[Stored data entries]
lemma uniform_limit_of_vector_derivatives:
  fixes F :: "nat \<Rightarrow> real \<Rightarrow> 'a::real_normed_vector"
  assumes F': "\<And>n t. t \<in> {a..b} \<Longrightarrow> (F n has_vector_derivative F' n t) (at t within {a..b})"
    and f': "\<And>t. t \<in> {a..b} \<Longrightarrow> (f has_vector_derivative f' t) (at t within {a..b})"
    and lim': "uniform_limit {a..b} F' f' sequentially"
    and lim_a: "(\<lambda>n. F n a) \<longlonglongrightarrow> f a"
  shows "uniform_limit {a..b} F f sequentially"
proof (rule uniform_limitI)
  fix e :: real assume "e > 0"
  define d where "d = e / (2 * (\<bar>b - a\<bar> + 1))"
  have "d > 0" using \<open>e > 0\<close> by (simp add: d_def add_nonneg_pos)
  have "\<forall>\<^sub>F n in sequentially. \<forall>t\<in>{a..b}. dist (F' n t) (f' t) < d"
    using uniform_limitD[OF lim' \<open>d > 0\<close>] .
  moreover have "\<forall>\<^sub>F n in sequentially. dist (F n a) (f a) < e / 2"
    using tendstoD[OF lim_a, of "e / 2"] \<open>e > 0\<close> by simp
  ultimately show "\<forall>\<^sub>F n in sequentially. \<forall>t\<in>{a..b}. dist (F n t) (f t) < e"
  proof eventually_elim
    case (elim n)
    show ?case
    proof
      fix t assume t: "t \<in> {a..b}"
      have "norm ((F n t - f t) - (F n a - f a)) \<le> d * \<bar>t - a\<bar>"
      proof (rule norm_diff_le_of_vector_derivative_bound[where f = "\<lambda>t. F n t - f t"])
        show "((\<lambda>t. F n t - f t) has_vector_derivative F' n x - f' x) (at x within {a..b})"
          if "x \<in> {a..b}" for x
          using F'[OF that] f'[OF that] by (rule derivative_intros)
        show "norm (F' n x - f' x) \<le> d" if "x \<in> {a..b}" for x
          using elim(1) that by (auto simp: dist_norm less_imp_le)
      qed (use t in auto)
      also have "\<dots> \<le> d * \<bar>b - a\<bar>"
        using t \<open>d > 0\<close> by (intro mult_left_mono) auto
      also have "\<dots> < e / 2"
        using \<open>e > 0\<close> by (simp add: d_def divide_simps add_nonneg_pos mult_strict_left_mono)
      finally show "dist (F n t) (f t) < e"
        using elim(2) norm_triangle_ineq[of "(F n t - f t) - (F n a - f a)" "F n a - f a"]
        by (simp add: dist_norm)
    qed
  qed
qed

lemma primitive_has_vector_derivative:
  fixes g :: "real \<Rightarrow> 'a::banach"
  assumes "continuous_on {a..b} g" "t \<in> {a..b}"
  shows "((\<lambda>t. X + integral {a..t} (\<lambda>s. L *\<^sub>R g s)) has_vector_derivative L *\<^sub>R g t) (at t within {a..b})"
proof -
  have "continuous_on {a..b} (\<lambda>s. L *\<^sub>R g s)"
    using assms(1) by (intro continuous_intros)
  from integral_has_vector_derivative[OF this assms(2)] show ?thesis
    using has_vector_derivative_add[OF has_vector_derivative_const] by simp
qed

lemma set_integrable_subinterval:
  fixes f :: "real \<Rightarrow> 'a::euclidean_space"
  assumes "set_integrable lborel {a..b} f" "a \<le> c" "d \<le> b"
  shows "f integrable_on {c..d}" "(\<integral>x\<in>{c..d}. f x \<partial>lborel) = integral {c..d} f"
  using set_borel_integral_eq_integral[OF set_integrable_subset[OF assms(1)]] assms(2,3) by auto

lemma norm_integral_le_sqrt_integral_square:
  fixes f :: "real \<Rightarrow> 'a::euclidean_space"
  assumes f: "f integrable_on {s..t}" and f2: "(\<lambda>x. (norm (f x))\<^sup>2) integrable_on {s..t}"
    and le: "integral {s..t} (\<lambda>x. (norm (f x))\<^sup>2) \<le> C" and "0 < C" "s \<le> t"
  shows "norm (integral {s..t} f) \<le> sqrt (C * (t - s))"
proof (cases "s = t")
  case True
  then show ?thesis by simp
next
  case False
  \<comment> \<open>Pointwise AM-GM with the weight a that optimises the resulting bound.\<close>
  define a where "a = sqrt ((t - s) / C)"
  have "a > 0" using False \<open>s \<le> t\<close> \<open>0 < C\<close> by (simp add: a_def)
  have amgm: "norm (f x) \<le> 1 / (2 * a) + a / 2 * (norm (f x))\<^sup>2" for x
  proof -
    have "0 \<le> (a * norm (f x) - 1)\<^sup>2" by simp
    then show ?thesis using \<open>a > 0\<close> by (simp add: field_simps power2_eq_square)
  qed
  have "norm (integral {s..t} f) \<le> integral {s..t} (\<lambda>x. 1 / (2 * a) + a / 2 * (norm (f x))\<^sup>2)"
    using f f2 amgm \<open>a > 0\<close> by (intro integral_norm_bound_integral integrable_add) auto
  also have "\<dots> = integral {s..t} (\<lambda>x. 1 / (2 * a)) + integral {s..t} (\<lambda>x. a / 2 * (norm (f x))\<^sup>2)"
    by (rule integral_add) (use f2 \<open>a > 0\<close> in auto)
  also have "\<dots> = (t - s) / (2 * a) + a / 2 * integral {s..t} (\<lambda>x. (norm (f x))\<^sup>2)"
    using integral_mult[OF f2, of "a / 2"] \<open>s \<le> t\<close> by simp
  also have "\<dots> \<le> (t - s) / (2 * a) + a / 2 * C"
    using le \<open>a > 0\<close> by simp
  also have "\<dots> = sqrt (C * (t - s))"
  proof -
    have ts: "t - s = C * a\<^sup>2" using \<open>s \<le> t\<close> \<open>0 < C\<close> by (simp add: a_def)
    then have "C * (t - s) = (C * a)\<^sup>2"
      by (simp add: power2_eq_square algebra_simps)
    then have "sqrt (C * (t - s)) = C * a" using \<open>a > 0\<close> \<open>0 < C\<close> by simp
    then show ?thesis using ts \<open>a > 0\<close> by (simp add: field_simps power2_eq_square)
  qed
  finally show ?thesis .
qed
(* Two elements $a,b\in C\ell_2\setminus\{0\}$ are pseudosimilar if and only if one of the following holds: (1) $\bar a+b=0$; (2) $H_a=H_b$ and $H_{\bar a+b}\neq 0$.
   Context: $C\ell_2$ is the 4-dimensional real associative algebra with basis $1,e_1,e_2,e_3$ and multiplication $e_1^2=e_2^2=1$, $e_3^2=-1$, $e_1e_2=e_3=-e_2e_1$, $e_1e_3=e_2=-e_3e_1$, $e_3e_2=e_1=-e_2e_3$. For $a=a_0+a_1e_1+a_2e_2+a_3e_3$ ($a_i\in\mathbb{R}$): $\bar a=a_0-a_1e_1-a_2e_2-a_3e_3$, $H_a=a\bar a=a_0^2-a_1^2-a_2^2+a_3^2$. $Z(C\ell_2)=\{a:H_a=0\}$. Elements $a,b$ are pseudosimilar if there exists $u\in C\ell_2\setminus Z(C\ell_2)$ with $au=\bar u b$. *)

theory Defs
  imports Main "HOL.Real"
begin

text \<open>Elements of Cl_2: a = a0 + a1 e1 + a2 e2 + a3 e3, stored as coefficient quadruples.\<close>
datatype cl2 = Cl2 (c0: real) (c1: real) (c2: real) (c3: real)

definition cl2_zero :: cl2 where "cl2_zero = Cl2 0 0 0 0"

definition cl2_add :: "cl2 \<Rightarrow> cl2 \<Rightarrow> cl2" where
  "cl2_add a b = Cl2 (c0 a + c0 b) (c1 a + c1 b) (c2 a + c2 b) (c3 a + c3 b)"

text \<open>Multiplication from e1^2=e2^2=1, e3^2=-1, e1e2=e3=-e2e1, e1e3=e2=-e3e1, e3e2=e1=-e2e3.\<close>
definition cl2_mult :: "cl2 \<Rightarrow> cl2 \<Rightarrow> cl2" where
  "cl2_mult a b = Cl2
     (c0 a * c0 b + c1 a * c1 b + c2 a * c2 b - c3 a * c3 b)
     (c0 a * c1 b + c1 a * c0 b - c2 a * c3 b + c3 a * c2 b)
     (c0 a * c2 b + c2 a * c0 b + c1 a * c3 b - c3 a * c1 b)
     (c0 a * c3 b + c3 a * c0 b + c1 a * c2 b - c2 a * c1 b)"

definition cl2_conj :: "cl2 \<Rightarrow> cl2" where
  "cl2_conj a = Cl2 (c0 a) (- c1 a) (- c2 a) (- c3 a)"

text \<open>H_a = a * conj a = a0^2 - a1^2 - a2^2 + a3^2 (a real scalar).\<close>
definition cl2_H :: "cl2 \<Rightarrow> real" where
  "cl2_H a = (c0 a)^2 - (c1 a)^2 - (c2 a)^2 + (c3 a)^2"

definition cl2_Z :: "cl2 set" where
  "cl2_Z = {a. cl2_H a = 0}"

definition pseudosimilar :: "cl2 \<Rightarrow> cl2 \<Rightarrow> bool" where
  "pseudosimilar a b \<longleftrightarrow> (\<exists>u. u \<notin> cl2_Z \<and> cl2_mult a u = cl2_mult (cl2_conj u) b)"

end

(* Cl_2 is a real algebra on which bar is an anti-involution with a bar a = bar a a = H_a, so H is
   multiplicative. If a u = bar u b with H_u <> 0, then H_a = H_b, and
   bar u (bar a + b) = bar (a u) + a u is real, so bar a + b is a real multiple of u: either it
   vanishes or it is non-null. Conversely, u = bar a + b is a witness when H_a = H_b, and for
   b = - bar a any non-null u with a u of zero scalar part is one. *)
theory Submission
  imports Defs "HOL.Real_Vector_Spaces"
begin

instantiation cl2 :: real_algebra_1
begin

definition zero_cl2_def: "0 = cl2_zero"
definition one_cl2_def: "1 = Cl2 1 0 0 0"
definition plus_cl2_def: "x + y = cl2_add x y"
definition times_cl2_def: "x * y = cl2_mult x y"
definition uminus_cl2_def: "- x = Cl2 (- c0 x) (- c1 x) (- c2 x) (- c3 x)"
definition minus_cl2_def: "x - y = x + - (y :: cl2)"
definition scaleR_cl2_def: "scaleR r x = Cl2 (r * c0 x) (r * c1 x) (r * c2 x) (r * c3 x)"

instance
  by standard
    (simp_all add: cl2.expand zero_cl2_def one_cl2_def plus_cl2_def times_cl2_def uminus_cl2_def
      minus_cl2_def scaleR_cl2_def cl2_zero_def cl2_add_def cl2_mult_def algebra_simps)

end

lemma of_real_cl2: "of_real r = Cl2 r 0 0 0"
  by (simp add: of_real_def scaleR_cl2_def one_cl2_def)

lemma cl2_conj_conj [simp]: "cl2_conj (cl2_conj x) = x"
  by (simp add: cl2_conj_def)

lemma cl2_conj_add: "cl2_conj (x + y) = cl2_conj x + cl2_conj y"
  by (simp add: cl2_conj_def plus_cl2_def cl2_add_def)

lemma cl2_conj_mult: "cl2_conj (x * y) = cl2_conj y * cl2_conj x"
  by (simp add: cl2_conj_def times_cl2_def cl2_mult_def algebra_simps)

lemma cl2_mult_conj_right: "x * cl2_conj x = of_real (cl2_H x)"
  by (simp add: cl2_conj_def times_cl2_def cl2_mult_def cl2_H_def of_real_cl2 power2_eq_square
      algebra_simps)

lemma cl2_mult_conj_left: "cl2_conj x * x = of_real (cl2_H x)"
  by (simp add: cl2_conj_def times_cl2_def cl2_mult_def cl2_H_def of_real_cl2 power2_eq_square
      algebra_simps)

lemma cl2_add_conj_self: "x + cl2_conj x = of_real (2 * c0 x)"
  by (simp add: cl2_conj_def plus_cl2_def cl2_add_def of_real_cl2)

lemma cl2_H_conj: "cl2_H (cl2_conj x) = cl2_H x"
  by (simp add: cl2_conj_def cl2_H_def)

lemma cl2_H_mult: "cl2_H (x * y) = cl2_H x * cl2_H y"
  by (simp add: cl2_H_def times_cl2_def cl2_mult_def power2_eq_square algebra_simps)

lemma cl2_H_scaleR: "cl2_H (scaleR r x) = r\<^sup>2 * cl2_H x"
  by (simp add: cl2_H_def scaleR_cl2_def power_mult_distrib algebra_simps)

lemma cl2_scaleR_null_imp_zero:
  assumes "cl2_H u \<noteq> 0" and "cl2_H (scaleR r u) = 0"
  shows "scaleR r u = 0"
proof -
  have "r = 0"
    using assms by (simp add: cl2_H_scaleR)
  then show ?thesis by simp
qed

lemma pseudosimilar_imp_H_eq:
  assumes "cl2_H u \<noteq> 0" and "a * u = cl2_conj u * b"
  shows "cl2_H a = cl2_H b"
proof -
  have "cl2_H a * cl2_H u = cl2_H b * cl2_H u"
    using assms(2) by (metis cl2_H_mult cl2_H_conj mult.commute)
  then show ?thesis
    using assms(1) by simp
qed

lemma pseudosimilar_imp_sum_scaleR:
  assumes "cl2_H u \<noteq> 0" and "a * u = cl2_conj u * b"
  obtains r where "cl2_conj a + b = scaleR r u"
proof -
  define w where "w = cl2_conj a + b"
  define s where "s = 2 * c0 (a * u)"
  have "cl2_conj u * w = cl2_conj (a * u) + cl2_conj u * b"
    by (simp add: w_def distrib_left cl2_conj_mult)
  also have "\<dots> = cl2_conj (a * u) + a * u"
    by (simp add: assms(2))
  also have "\<dots> = of_real s"
    by (simp add: s_def add.commute cl2_add_conj_self)
  finally have conj_u_w: "cl2_conj u * w = of_real s" .
  have "scaleR (cl2_H u) w = (u * cl2_conj u) * w"
    by (simp add: cl2_mult_conj_right scaleR_conv_of_real)
  also have "\<dots> = scaleR s u"
    by (simp add: mult.assoc conj_u_w of_real_def)
  finally have "w = scaleR (s / cl2_H u) u"
    using assms(1) by (simp add: eq_vector_fraction_iff)
  then show thesis
    unfolding w_def by (rule that)
qed

lemma pseudosimilar_if_H_eq:
  assumes "cl2_H a = cl2_H b" and "cl2_H (cl2_conj a + b) \<noteq> 0"
  shows "pseudosimilar a b"
proof -
  have "a * (cl2_conj a + b) = cl2_conj (cl2_conj a + b) * b"
    using assms(1)
    by (simp add: distrib_left distrib_right cl2_conj_add cl2_mult_conj_right cl2_mult_conj_left
        add.commute)
  then show ?thesis
    using assms(2) by (auto simp: pseudosimilar_def cl2_Z_def times_cl2_def)
qed

lemma exists_nonnull_scalar_part_zero: "\<exists>u. cl2_H u \<noteq> 0 \<and> c0 (a * u) = 0"
proof (cases "c0 a = 0")
  case True
  then show ?thesis
    by (intro exI[of _ 1]) (simp add: one_cl2_def cl2_H_def times_cl2_def cl2_mult_def)
next
  case False
  then have "(c3 a)\<^sup>2 + (c0 a)\<^sup>2 \<noteq> 0"
    by simp
  then show ?thesis
    by (intro exI[of _ "Cl2 (c3 a) 0 0 (c0 a)"]) (simp add: cl2_H_def times_cl2_def cl2_mult_def)
qed

lemma pseudosimilar_minus_conj: "pseudosimilar a (- cl2_conj a)"
proof -
  obtain u where u: "cl2_H u \<noteq> 0" "c0 (a * u) = 0"
    using exists_nonnull_scalar_part_zero by blast
  then have "a * u + cl2_conj (a * u) = 0"
    by (simp add: cl2_add_conj_self)
  then have "a * u = cl2_conj u * - cl2_conj a"
    by (simp add: cl2_conj_mult add_eq_0_iff2)
  then show ?thesis
    using u(1) by (auto simp: pseudosimilar_def cl2_Z_def times_cl2_def)
qed

lemma pseudosimilar_iff:
  "pseudosimilar a b \<longleftrightarrow>
     cl2_conj a + b = 0 \<or> (cl2_H a = cl2_H b \<and> cl2_H (cl2_conj a + b) \<noteq> 0)"
proof
  assume "pseudosimilar a b"
  then obtain u where u: "cl2_H u \<noteq> 0" "a * u = cl2_conj u * b"
    by (auto simp: pseudosimilar_def cl2_Z_def times_cl2_def)
  obtain r where "cl2_conj a + b = scaleR r u"
    using pseudosimilar_imp_sum_scaleR[OF u] .
  then show "cl2_conj a + b = 0 \<or> (cl2_H a = cl2_H b \<and> cl2_H (cl2_conj a + b) \<noteq> 0)"
    using pseudosimilar_imp_H_eq[OF u] cl2_scaleR_null_imp_zero[OF u(1)] by metis
next
  assume "cl2_conj a + b = 0 \<or> (cl2_H a = cl2_H b \<and> cl2_H (cl2_conj a + b) \<noteq> 0)"
  then show "pseudosimilar a b"
    using pseudosimilar_minus_conj pseudosimilar_if_H_eq by (metis add_eq_0_iff)
qed

theorem theorem5p3:
  fixes a b :: cl2
  assumes "a \<noteq> cl2_zero" and "b \<noteq> cl2_zero"
  shows "pseudosimilar a b \<longleftrightarrow>
           (cl2_add (cl2_conj a) b = cl2_zero \<or>
            (cl2_H a = cl2_H b \<and> cl2_H (cl2_add (cl2_conj a) b) \<noteq> 0))"
  by (simp add: pseudosimilar_iff flip: plus_cl2_def zero_cl2_def)

end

EXERCISE INSTRUCTIONS: The reply should consist solely of the lines above from the one that has "using assms(2) by (metis" through the one that has "define w where", reproduced exactly.

YOUR RESPONSE:
    using assms(2) by (metis cl2_H_mult cl2_H_conj mult.commute)
  then show ?thesis
    using assms(1) by simp
qed

lemma pseudosimilar_imp_sum_scaleR:
  assumes "cl2_H u \<noteq> 0" and "a * u = cl2_conj u * b"
  obtains r where "cl2_conj a + b = scaleR r u"
proof -
  define w where "w = cl2_conj a + b"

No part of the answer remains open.